WALT Disney Company's surprising bid to buy Capitol Cities/ABC represents one of the largest takeover attempts in the history of American business.
If the merger goes through, the new and expanded Disney would be an enormous force in worldwide entertainment. Its holdings would include everything from Disneyland and the classic Disney animation studio, to ABC network TV, the ESPN sports channel, and big stakes in such foreign ventures as Scandinavian Broadcasting Systems.
The proposed merger is also a symbol of a consolidation trend that has been sweeping through the media environment in recent weeks.
''This transaction is a once-in-a-lifetime opportunity to create an outstanding entertainment and media company,'' Walt Disney's chief executive officer Michael Eisner said in a statement.
As a result of the purchase, which has already been approved by both company's boards, Capital Cities/ABC will become a wholly owned subsidiary of The Walt Disney Company.
Mr.

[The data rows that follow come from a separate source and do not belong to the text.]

(* Let $\Lambda,\Lambda':\mathbb{R}\to[0,1]$ be decreasing functions. Then, on $L^\infty$: (a) if $\Lambda\ge\Lambda'$ pointwise, then $\mathrm{ES}_\Lambda\ge\mathrm{ES}_{\Lambda'}$; (b) $\mathrm{ES}_\Lambda$ is monotone: $\mathrm{ES}_\Lambda(X)\ge\mathrm{ES}_\Lambda(Y)$ whenever $X\ge Y$ a.s.; (c) $\mathrm{ES}_\Lambda\ge\mathrm{VaR}_\Lambda$; (d) $\mathrm{ES}_\Lambda$ is quasi-convex; (e) $\mathrm{ES}_\Lambda$ is normalized: $\mathrm{ES}_\Lambda(t)=t$ for all constants $t\in\mathbb{R}$; (f) $\mathrm{ES}_\Lambda$ is cash subadditive: $\mathrm{ES}_\Lambda(X+m)\le\mathrm{ES}_\Lambda(X)+m$ for all $X\in L^\infty$, $m\ge0$; (g) $\mathrm{ES}_\Lambda$ is SSD-consistent: $\mathrm{ES}_\Lambda(X)\ge\mathrm{ES}_\Lambda(Y)$ whenever $X\succeq_{\rm icx}Y$; (h) $\mathrm{ES}_\Lambda$ is quasi-concave in mixtures; (i) if $\Lambda$ takes values in $[0,1)$, then $\mathrm{ES}_\Lambda$ is $L^1$-continuous: $\mathrm{ES}_\Lambda(X_n)\to\mathrm{ES}_\Lambda(X)$ whenever $X,X_1,X_2,\dots\in L^\infty$ and $X_n\to X$ in $L^1$.
   Context: $(\Omega,\mathcal F,\mathbb P)$ is an atomless probability space, $L^0$ all random variables, $L^1$ integrable ones, $L^\infty$ essentially bounded ones; "decreasing" is weak; $\wedge=\min$. For $\alpha\in[0,1]$, $X\in L^0$: $\mathrm{VaR}_\alpha(X)=\inf\{x\in\mathbb{R}:\mathbb P(X\le x)\ge\alpha\}$ ($\inf\mathbb{R}=-\infty$). For $X\in L^\infty$: $\mathrm{ES}_\alpha(X)=\frac{1}{1-\alpha}\int_\alpha^1\mathrm{VaR}_\beta(X)\,\mathrm d\beta$ for $\alpha<1$, $\mathrm{ES}_1(X)=\mathrm{VaR}_1(X)$. For decreasing $\Lambda:\mathbb{R}\to[0,1]$: $\mathrm{VaR}_\Lambda(X)=\inf\{x\in\mathbb{R}:\mathbb P(X\le x)\ge\Lambda(x)\}$ and $\mathrm{ES}_\Lambda(X)=\sup_{x\in\mathbb{R}}\left(\mathrm{ES}_{\Lambda(x)}(X)\wedge x\right)$, $X\in L^\infty$. Quasi-convex: $\rho(\gamma X+(1-\gamma)Y)\le\max\{\rho(X),\rho(Y)\}$ for $\gamma\in[0,1]$. $X\succeq_{\rm icx}Y$ means $\mathbb E[f(X)]\ge\mathbb E[f(Y)]$ for all increasing convex $f:\mathbb{R}\to\mathbb{R}$. A law-invariant $\rho$ is quasi-concave in mixtures if $F\mapsto\rho(X_F)$ is quasi-concave on the set of compactly supported distributions on $\mathbb{R}$ (under mixtures $\gamma F+(1-\gamma)G$), where $X_F$ denotes a random variable with distribution $F$. *)

theory Defs
  imports "HOL-Probability.Probability"
begin

definition atomless :: "'a measure \<Rightarrow> bool" where
  "atomless M \<longleftrightarrow> (\<forall>A\<in>sets M. measure M A > 0 \<longrightarrow>
     (\<exists>B\<in>sets M. B \<subseteq> A \<and> 0 < measure M B \<and> measure M B < measure M A))"

definition Linf :: "'a measure \<Rightarrow> ('a \<Rightarrow> real) set" where
  "Linf M = {X. X \<in> borel_measurable M \<and> (\<exists>C. AE \<omega> in M. \<bar>X \<omega>\<bar> \<le> C)}"

definition cdf_of :: "'a measure \<Rightarrow> ('a \<Rightarrow> real) \<Rightarrow> real \<Rightarrow> real" where
  "cdf_of M X x = measure M {\<omega> \<in> space M. X \<omega> \<le> x}"

text \<open>VaR, extended-real valued (Inf of the empty set is +infinity, Inf of all reals is -infinity).\<close>
definition VaR :: "'a measure \<Rightarrow> real \<Rightarrow> ('a \<Rightarrow> real) \<Rightarrow> ereal" where
  "VaR M \<alpha> X = Inf (ereal ` {x. cdf_of M X x \<ge> \<alpha>})"

text \<open>ES for L-infinity random variables (VaR is finite for beta in (0,1] there;
  the value at beta = 0 is irrelevant for the Lebesgue integral).\<close>
definition ES :: "'a measure \<Rightarrow> real \<Rightarrow> ('a \<Rightarrow> real) \<Rightarrow> real" where
  "ES M \<alpha> X = (if \<alpha> < 1
      then (LBINT \<beta>:{\<alpha>..1}. real_of_ereal (VaR M \<beta> X)) / (1 - \<alpha>)
      else real_of_ereal (VaR M 1 X))"

definition VaR_Lambda :: "'a measure \<Rightarrow> (real \<Rightarrow> real) \<Rightarrow> ('a \<Rightarrow> real) \<Rightarrow> ereal" where
  "VaR_Lambda M \<Lambda> X = Inf (ereal ` {x. cdf_of M X x \<ge> \<Lambda> x})"

definition ES_Lambda :: "'a measure \<Rightarrow> (real \<Rightarrow> real) \<Rightarrow> ('a \<Rightarrow> real) \<Rightarrow> real" where
  "ES_Lambda M \<Lambda> X = (SUP x. min (ES M (\<Lambda> x) X) x)"

definition icx_ge :: "'a measure \<Rightarrow> ('a \<Rightarrow> real) \<Rightarrow> ('a \<Rightarrow> real) \<Rightarrow> bool" where
  "icx_ge M X Y \<longleftrightarrow> (\<forall>f :: real \<Rightarrow> real. mono f \<and> convex_on UNIV f \<longrightarrow>
      (\<integral>\<omega>. f (X \<omega>) \<partial>M) \<ge> (\<integral>\<omega>. f (Y \<omega>) \<partial>M))"

end

theory Submission
  imports Defs
begin

(* By the quantile transform, (1 - \<alpha>) ES_\<alpha>(X) is the integral of the quantile function of X
   over (\<alpha>, 1), and comparing pointwise with t + (q - t)^+ gives the Rockafellar-Uryasev formula
   (1 - \<alpha>) ES_\<alpha>(X) = min_t ((1 - \<alpha>) t + E (X - t)^+) for \<alpha> < 1. Together with
   ES_1(X) = ess sup X this yields, for every \<alpha> in [0, 1],

     ES_\<alpha>(X) \<le> c  iff  E (X - t)^+ \<le> (1 - \<alpha>) (c - t) for some t \<le> c.

   Hence ES_\<alpha> sees X only through its stop-loss transform t \<mapsto> E (X - t)^+, monotonically, and
   the properties of the stop-loss transform (monotone for the a.s. and the increasing convex
   order, jointly convex, affine under mixtures of distributions, 1-Lipschitz in L^1, shifted by
   translations) become properties of ES_\<alpha>. Finally ES_\<Lambda>(X) = sup_x min (f x) x with the
   decreasing function f x = ES_{\<Lambda>(x)}(X), and elementary properties of f \<mapsto> sup_x min (f x) x
   carry everything over to ES_\<Lambda>. *)

section \<open>Quantiles and the stop-loss transform\<close>

definition stop_loss :: "'a measure \<Rightarrow> ('a \<Rightarrow> real) \<Rightarrow> real \<Rightarrow> real" where
  "stop_loss M X t = (\<integral>\<omega>. max (X \<omega> - t) 0 \<partial>M)"

definition quantile :: "'a measure \<Rightarrow> ('a \<Rightarrow> real) \<Rightarrow> real \<Rightarrow> real" where
  "quantile M X \<beta> = Inf {x. \<beta> \<le> cdf_of M X x}"

abbreviation uniform_01 :: "real measure" where
  "uniform_01 \<equiv> restrict_space lborel {0<..<1}"

lemma prob_space_uniform_01: "prob_space uniform_01"
  by (auto simp: emeasure_restrict_space space_restrict_space intro!: prob_spaceI)

lemma integrable_uniform_01_bounded:
  fixes g :: "real \<Rightarrow> real"
  assumes "g \<in> borel_measurable uniform_01" "\<And>\<beta>. 0 < \<beta> \<Longrightarrow> \<beta> < 1 \<Longrightarrow> \<bar>g \<beta>\<bar> \<le> B"
  shows "integrable uniform_01 g"
proof -
  interpret prob_space uniform_01 by (rule prob_space_uniform_01)
  show ?thesis
    by (rule integrable_const_bound[where B=B])
       (use assms in \<open>auto intro!: AE_I2 simp: space_restrict_space\<close>)
qed

lemma indicator_measurable_uniform_01[measurable]:
  "(\<lambda>\<beta>. indicator {a<..<b} \<beta> :: real) \<in> borel_measurable uniform_01"
  by (rule measurable_restrict_space1) simp

lemma integral_uniform_01_indicator:
  assumes "0 \<le> \<alpha>" "\<alpha> < 1"
  shows "(\<integral>\<beta>. indicator {\<alpha><..<1} \<beta> * t \<partial>uniform_01) = (1 - \<alpha>) * t"
proof -
  have "{\<alpha><..<1} \<inter> space uniform_01 = {\<alpha><..<1::real}"
    using assms by (auto simp: space_restrict_space)
  moreover have "measure uniform_01 {\<alpha><..<1} = 1 - \<alpha>"
    using assms by (subst measure_restrict_space) (auto simp: measure_def)
  ultimately show ?thesis by simp
qed

lemma stop_loss_nonneg: "0 \<le> stop_loss M X t"
  unfolding stop_loss_def by (rule Bochner_Integration.integral_nonneg) simp

lemma Linf_const: "(\<lambda>\<omega>. c) \<in> Linf M"
  unfolding Linf_def by auto

lemma Linf_add:
  assumes "X \<in> Linf M" "Y \<in> Linf M"
  shows "(\<lambda>\<omega>. X \<omega> + Y \<omega>) \<in> Linf M"
proof -
  obtain C D where "AE \<omega> in M. \<bar>X \<omega>\<bar> \<le> C" "AE \<omega> in M. \<bar>Y \<omega>\<bar> \<le> D"
    using assms unfolding Linf_def by blast
  then have "AE \<omega> in M. \<bar>X \<omega> + Y \<omega>\<bar> \<le> C + D"
    by eventually_elim linarith
  then show ?thesis using assms unfolding Linf_def by auto
qed

lemma Linf_cmult:
  assumes "X \<in> Linf M"
  shows "(\<lambda>\<omega>. c * X \<omega>) \<in> Linf M"
proof -
  obtain C where "AE \<omega> in M. \<bar>X \<omega>\<bar> \<le> C"
    using assms unfolding Linf_def by blast
  then have "AE \<omega> in M. \<bar>c * X \<omega>\<bar> \<le> \<bar>c\<bar> * C"
    by eventually_elim (simp add: abs_mult mult_left_mono)
  then show ?thesis using assms unfolding Linf_def by auto
qed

Eisner, who worked for ABC for many years as head of children's programming under Barry Diller, said the merger would put Disney in a strong position to compete internationally.
''The Walt Disney Company will now have more global outlets to provide the highest quality entertainment, news and sports programming,'' said Eisner.

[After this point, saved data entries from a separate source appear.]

(* Let $R\subseteq S$ be integral domains and let $\mathbf A$ be a matrix with entries in $R$. Then $\mathbf A$ satisfies the columns condition as a matrix with entries in $R$ if and only if it satisfies the columns condition as a matrix with entries in $S$.
   Context: Columns condition: for a $k\times l$ matrix over a domain $D$ with fraction field $K$ and columns $\mathbf c_1,\dots,\mathbf c_l\in D^k$, it holds if there exist an integer $m\ge0$ and a partition $\{1,\dots,l\}=I_0\cup\dots\cup I_m$ such that $\sum_{i\in I_0}\mathbf c_i=0$ and for each $t\in\{1,\dots,m\}$, $\sum_{i\in I_t}\mathbf c_i$ lies in the $K$-vector space spanned by the $\mathbf c_j$ with $j\in I_0\cup\dots\cup I_{t-1}$. *)

theory Defs
  imports "HOL-Computational_Algebra.Fraction_Field"
begin

text \<open>A k x l matrix over a domain D is a function nat => nat => D (row r < k, column i < l;
  columns indexed by 0..<l). The fraction field K of D is the type D fract, with canonical
  embedding x |-> Fract x 1. The columns condition: there exist m and a partition
  I 0, ..., I m of the column indices such that the columns indexed by I 0 sum to zero,
  and for each t in 1..m the sum of the columns indexed by I t is a K-linear combination
  of the columns indexed by I 0 u ... u I (t-1).\<close>

definition columns_condition :: "nat \<Rightarrow> nat \<Rightarrow> (nat \<Rightarrow> nat \<Rightarrow> 'a::idom) \<Rightarrow> bool" where
  "columns_condition k l A \<longleftrightarrow>
     (\<exists>(m::nat) (I::nat \<Rightarrow> nat set).
        (\<Union>t\<in>{..m}. I t) = {..<l} \<and>
        (\<forall>s\<le>m. \<forall>t\<le>m. s \<noteq> t \<longrightarrow> I s \<inter> I t = {}) \<and>
        (\<forall>r<k. (\<Sum>i\<in>I 0. A r i) = 0) \<and>
        (\<forall>t\<in>{1..m}. \<exists>c::nat \<Rightarrow> 'a fract.
            \<forall>r<k. Fract (\<Sum>i\<in>I t. A r i) 1 = (\<Sum>j\<in>(\<Union>s<t. I s). c j * Fract (A r j) 1)))"

end

theory Submission
  imports Defs HOL.Vector_Spaces
begin

text \<open>The embedding of R into S extends to an embedding of the fraction field K of R into the
  fraction field L of S, under which the spanning clause over R becomes the spanning clause over S:
  both ask that the same linear system with coefficients in K be solvable, over K resp. over L.
  A solution over K is one over L. Conversely, L is a K-vector space, and a K-linear functional
  g on L with g 1 = 1 (extend the independent set {1} to a basis) maps a solution over L to one
  over K.\<close>

locale ring_hom =
  fixes hom :: "'a::comm_ring_1 \<Rightarrow> 'b::comm_ring_1"
  assumes hom_1: "hom 1 = 1"
    and hom_add: "hom (x + y) = hom x + hom y"
    and hom_mult: "hom (x * y) = hom x * hom y"
begin

lemma hom_0: "hom 0 = 0"
  using hom_add[of 0 0] by simp

lemma hom_sum: "hom (\<Sum>i\<in>S. g i) = (\<Sum>i\<in>S. hom (g i))"
  by (induction S rule: infinite_finite_induct) (simp_all add: hom_0 hom_add)

end

locale field_hom = ring_hom hom for hom :: "'a::field \<Rightarrow> 'b::field"
begin

lemma linear_retraction:
  obtains g :: "'b \<Rightarrow> 'a" where "Vector_Spaces.linear (\<lambda>a y. hom a * y) (*) g" and "g 1 = 1"
proof -
  interpret vector_space_pair "\<lambda>a y. hom a * y" "(*) :: 'a \<Rightarrow> 'a \<Rightarrow> 'a"
    by unfold_locales (auto simp: algebra_simps hom_1 hom_add hom_mult)
  have "vs1.independent {1}"
    by simp
  from linear_independent_extend[OF this, of "\<lambda>_. 1"] show thesis
    using that by auto
qed

lemma linear_system_solvable_iff_hom:
  "(\<exists>c. \<forall>r\<in>R. w r = (\<Sum>j\<in>J. c j * v r j)) \<longleftrightarrow>
   (\<exists>c. \<forall>r\<in>R. hom (w r) = (\<Sum>j\<in>J. c j * hom (v r j)))"
proof
  assume "\<exists>c. \<forall>r\<in>R. w r = (\<Sum>j\<in>J. c j * v r j)"
  then obtain c where "\<forall>r\<in>R. w r = (\<Sum>j\<in>J. c j * v r j)"
    by blast
  then have "\<forall>r\<in>R. hom (w r) = (\<Sum>j\<in>J. hom (c j) * hom (v r j))"
    by (simp add: hom_sum hom_mult)
  then show "\<exists>c. \<forall>r\<in>R. hom (w r) = (\<Sum>j\<in>J. c j * hom (v r j))"
    by (rule exI[of _ "\<lambda>j. hom (c j)"])
next
  obtain g where "Vector_Spaces.linear (\<lambda>a y. hom a * y) (*) g" and g_1: "g 1 = 1"
    by (rule linear_retraction)
  then interpret g: module_hom "\<lambda>a y. hom a * y" "(*)" g
    by (simp add: module_hom_iff_linear)
  have g_hom: "g (hom a) = a" for a
    using g.scale[of a 1] g_1 by simp
  assume "\<exists>c. \<forall>r\<in>R. hom (w r) = (\<Sum>j\<in>J. c j * hom (v r j))"
  then obtain c where c: "\<forall>r\<in>R. hom (w r) = (\<Sum>j\<in>J. c j * hom (v r j))"
    by blast
  have "w r = (\<Sum>j\<in>J. g (c j) * v r j)" if "r \<in> R" for r
  proof -
    have "w r = g (hom (w r))"
      by (simp add: g_hom)
    also have "\<dots> = g (\<Sum>j\<in>J. hom (v r j) * c j)"
      using c that by (simp add: mult.commute)
    also have "\<dots> = (\<Sum>j\<in>J. v r j * g (c j))"
      by (simp add: g.sum g.scale)
    also have "\<dots> = (\<Sum>j\<in>J. g (c j) * v r j)"
      by (simp add: mult.commute)
    finally show ?thesis .
  qed
  then show "\<exists>c. \<forall>r\<in>R. w r = (\<Sum>j\<in>J. c j * v r j)"
    by (intro exI[of _ "\<lambda>j. g (c j)"] ballI)
qed

end

locale idom_embedding = ring_hom hom for hom :: "'a::idom \<Rightarrow> 'b::idom" +
  assumes inj: "inj hom"
begin

lemma hom_eq_0_iff: "hom x = 0 \<longleftrightarrow> x = 0"
  using inj hom_0 by (metis injD)

definition map_fract :: "'a fract \<Rightarrow> 'b fract" where
  "map_fract q = (SOME y. \<exists>a b. b \<noteq> 0 \<and> q = Fract a b \<and> y = Fract (hom a) (hom b))"

lemma map_fract_Fract:
  assumes "b \<noteq> 0"
  shows "map_fract (Fract a b) = Fract (hom a) (hom b)"
proof -
  have "\<exists>a' b'. b' \<noteq> 0 \<and> Fract a b = Fract a' b' \<and>
      map_fract (Fract a b) = Fract (hom a') (hom b')"
    unfolding map_fract_def by (rule someI_ex) (use assms in blast)
  then obtain a' b' where "b' \<noteq> 0" and "Fract a b = Fract a' b'"
    and map_eq: "map_fract (Fract a b) = Fract (hom a') (hom b')"
    by blast
  then have "a * b' = a' * b"
    using assms by (simp add: eq_fract)
  then have "hom a * hom b' = hom a' * hom b"
    by (metis hom_mult)
  then show ?thesis
    using map_eq assms \<open>b' \<noteq> 0\<close> by (simp add: eq_fract hom_eq_0_iff)
qed

sublocale map_fract: field_hom map_fract
proof
  show "map_fract 1 = 1"
    using map_fract_Fract[of 1 1] by (simp add: hom_1 One_fract_def)
next
  fix x y :: "'a fract"
  show "map_fract (x + y) = map_fract x + map_fract y"
    and "map_fract (x * y) = map_fract x * map_fract y"
    by (cases x; cases y; simp add: map_fract_Fract hom_eq_0_iff hom_add hom_mult)+
qed

end

theorem lemma3p1:
  fixes f :: "'r::idom \<Rightarrow> 's::idom"
    and A :: "nat \<Rightarrow> nat \<Rightarrow> 'r"
    and k l :: nat
  assumes "inj f"
    and "f 0 = 0" and "f 1 = 1"
    and "\<And>x y. f (x + y) = f x + f y"
    and "\<And>x y. f (x * y) = f x * f y"
  shows "columns_condition k l A \<longleftrightarrow> columns_condition k l (\<lambda>r i. f (A r i))"
proof -
  interpret idom_embedding f
    using assms by unfold_locales
  have sum_eq_0_iff: "(\<Sum>i\<in>S. A r i) = 0 \<longleftrightarrow> (\<Sum>i\<in>S. f (A r i)) = 0" for S r
    by (simp add: hom_sum[symmetric] hom_eq_0_iff)
  have solvable_iff:
    "(\<exists>c. \<forall>r<k. Fract (\<Sum>i\<in>S. A r i) 1 = (\<Sum>j\<in>J. c j * Fract (A r j) 1)) \<longleftrightarrow>
     (\<exists>c. \<forall>r<k. Fract (\<Sum>i\<in>S. f (A r i)) 1 = (\<Sum>j\<in>J. c j * Fract (f (A r j)) 1))" for S J
    using map_fract.linear_system_solvable_iff_hom[where R = "{r. r < k}" and J = J
        and w = "\<lambda>r. Fract (\<Sum>i\<in>S. A r i) 1" and v = "\<lambda>r j. Fract (A r j) 1"]
    by (simp add: map_fract_Fract hom_sum hom_1)
  show ?thesis
    unfolding columns_condition_def sum_eq_0_iff solvable_iff ..
qed

end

Analysts and executives on both coasts were shocked when just after 8 a.m. Eastern time yesterday, news alerts flashed across the Associated Press wire: Walt Disney Company to buy Capital Cities/ABC.

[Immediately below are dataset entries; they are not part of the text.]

lemma Brd_Nil_right:
  assumes A: "set A \<subseteq> g_ar G"
  shows "Brd A [] \<approx> Idt A"
proof -
  let ?b = "Brd A []"
  have inv: "Cmp (BrdI A []) ?b \<approx> Idt A"
    using heq_axiomI[OF br_inv1[of G A "[]"]] A by simp
  have "?b \<approx> Cmp (Tns (Idt []) ?b) (Tns ?b (Idt []))"
    using heq_axiomI[OF br_hex2[of G A "[]" "[]"]] A by simp
  also have "\<dots> \<approx> Cmp ?b ?b"
    using A by (intro heq_CmpI Tns_unit_left Tns_unit_right) auto
  finally have idempotent: "?b \<approx> Cmp ?b ?b" .
  have "Idt A \<approx> Cmp (BrdI A []) ?b"
    using inv by (rule heq_sym)
  also have "\<dots> \<approx> Cmp (BrdI A []) (Cmp ?b ?b)"
    using idempotent A by (intro heq_CmpR) auto
  also have "\<dots> \<approx> Cmp (Cmp (BrdI A []) ?b) ?b"
    using A by (intro heq_sym[OF Cmp_assoc]) auto
  also have "\<dots> \<approx> Cmp (Idt A) ?b"
    using inv A by (intro heq_CmpL) auto
  also have "\<dots> \<approx> ?b"
    using A by (intro Cmp_Idt_left) auto
  finally show ?thesis by (rule heq_sym)
qed

lemma Brd_copoint:
  assumes h: "htype G h = Some (E, [])" and B: "set B \<subseteq> g_ar G"
  shows "Cmp (Tns h (Idt B)) (Brd B E) \<approx> Tns (Idt B) h"
proof -
  have E: "set E \<subseteq> g_ar G"
    using h htype_arrows by blast
  have "Cmp (Brd B []) (Tns (Idt B) h) \<approx> Cmp (Tns h (Idt B)) (Brd B E)"
    using heq_axiomI[OF br_nat[of G "Idt B" B B h E "[]"]] h B E by (simp add: wt_iff_htype)
  then have "Cmp (Tns h (Idt B)) (Brd B E) \<approx> Cmp (Brd B []) (Tns (Idt B) h)"
    by (rule heq_sym)
  also have "\<dots> \<approx> Cmp (Idt B) (Tns (Idt B) h)"
    using h B by (intro heq_CmpL Brd_Nil_right) auto
  also have "\<dots> \<approx> Tns (Idt B) h"
    using h B by (intro Cmp_Idt_left) auto
  finally show ?thesis .
qed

''We were sitting here stunned in disbelief,'' says a senior CBS executive. ''We're clearly dismayed that they're not going to buy CBS, which was also rumored.''
Although most industry analysts' initial assessments were very positive, the implications of the sale are far from clear.
''The deal gives Disney an amazing capability,'' says Joseph Turow, professor of communications at the University of Pennsylvania's Annenberg School of Communication.
''It is a really nice match that is better for Disney than CBS would have been.''
''Strategically, it makes a lot of sense,'' says Tim Wallace, vice present and entertainment/media analyst for S.G. Warburg & Co. ''The financial interests and syndication rules keep the networks from producing and distributing their own shows and Disney specializes in producing their own programming.''
But industry analysts note that Disney is notoriously tight-fisted, which could impact, among other things, ABC's top-rated news programs.
''Disney has a reputation for being unbelievably cheap,'' says the CBS executive. ''I don't know if that means largess for ABC or not.''
''Disney runs a very big, very tight ship but they will not destroy one of ABC's best assets, its news division,'' says Wallace. ''They are not buying ABC to destroy or liquidate it, they want ABC to remain the biggest and strongest network in the country.''
The deal is also another indication that as Congress prepares to almost completely deregulate the telecommunications marketplace, fewer and larger companies will come to dominate the media marketplace.
''Size is becoming the be-all and end-all in this industry,'' says Dr. Turow, noting the recent sale of Multimedia to Gannett. ''This has been the biggest year of mergers, in terms of costs, in history.'' Turow says ABC has been more aware of the new media environment than the other two networks. ''ABC is a well-run company that has a lot of stakes outside of television,'' says Turow. ''They are very aware that the networks are on an inevitable downward slide.''
Capital Cities/ABC already owns large stakes in three major cable channels: ESPN, A&E, and the Lifetime Channel. It also owns eight local television stations, 21 radio stations and three newspapers.
Disney, which already produces ABC's top-rated show, ''Home Improvement,'' owns Walt Disney Pictures, Touchstone Pictures, Hollywood Pictures, and Miramax in addition to its two theme parks.
It also owns the National Hockey League team, the Anaheim Mighty Ducks, and has just bought 25 percent of the California Angels baseball team.
''We knew this was a perfect marriage,'' says Steve Bollenbach, Disney's chief financial officer. ''You're putting together the finest producer of family entertainment content with the best distribution capabilities in the world that are also most economical.''
Disney borrowed more than $10 billion dollars to finance the $19 billion purchase. Capital Cities/ABC stockholders will receive one share of Disney common stock and $65 in cash for each of their shares.
Bollenbach insists that will not overburden Disney with debt.
''That's not a heavy debt load,'' he says. ''The only other people who are as interested in this as reporters are right now are bankers who want to pour more money into the company.''
The sale still must be approved by regulators at the Federal Communications Commission and by the shareholders of both companies.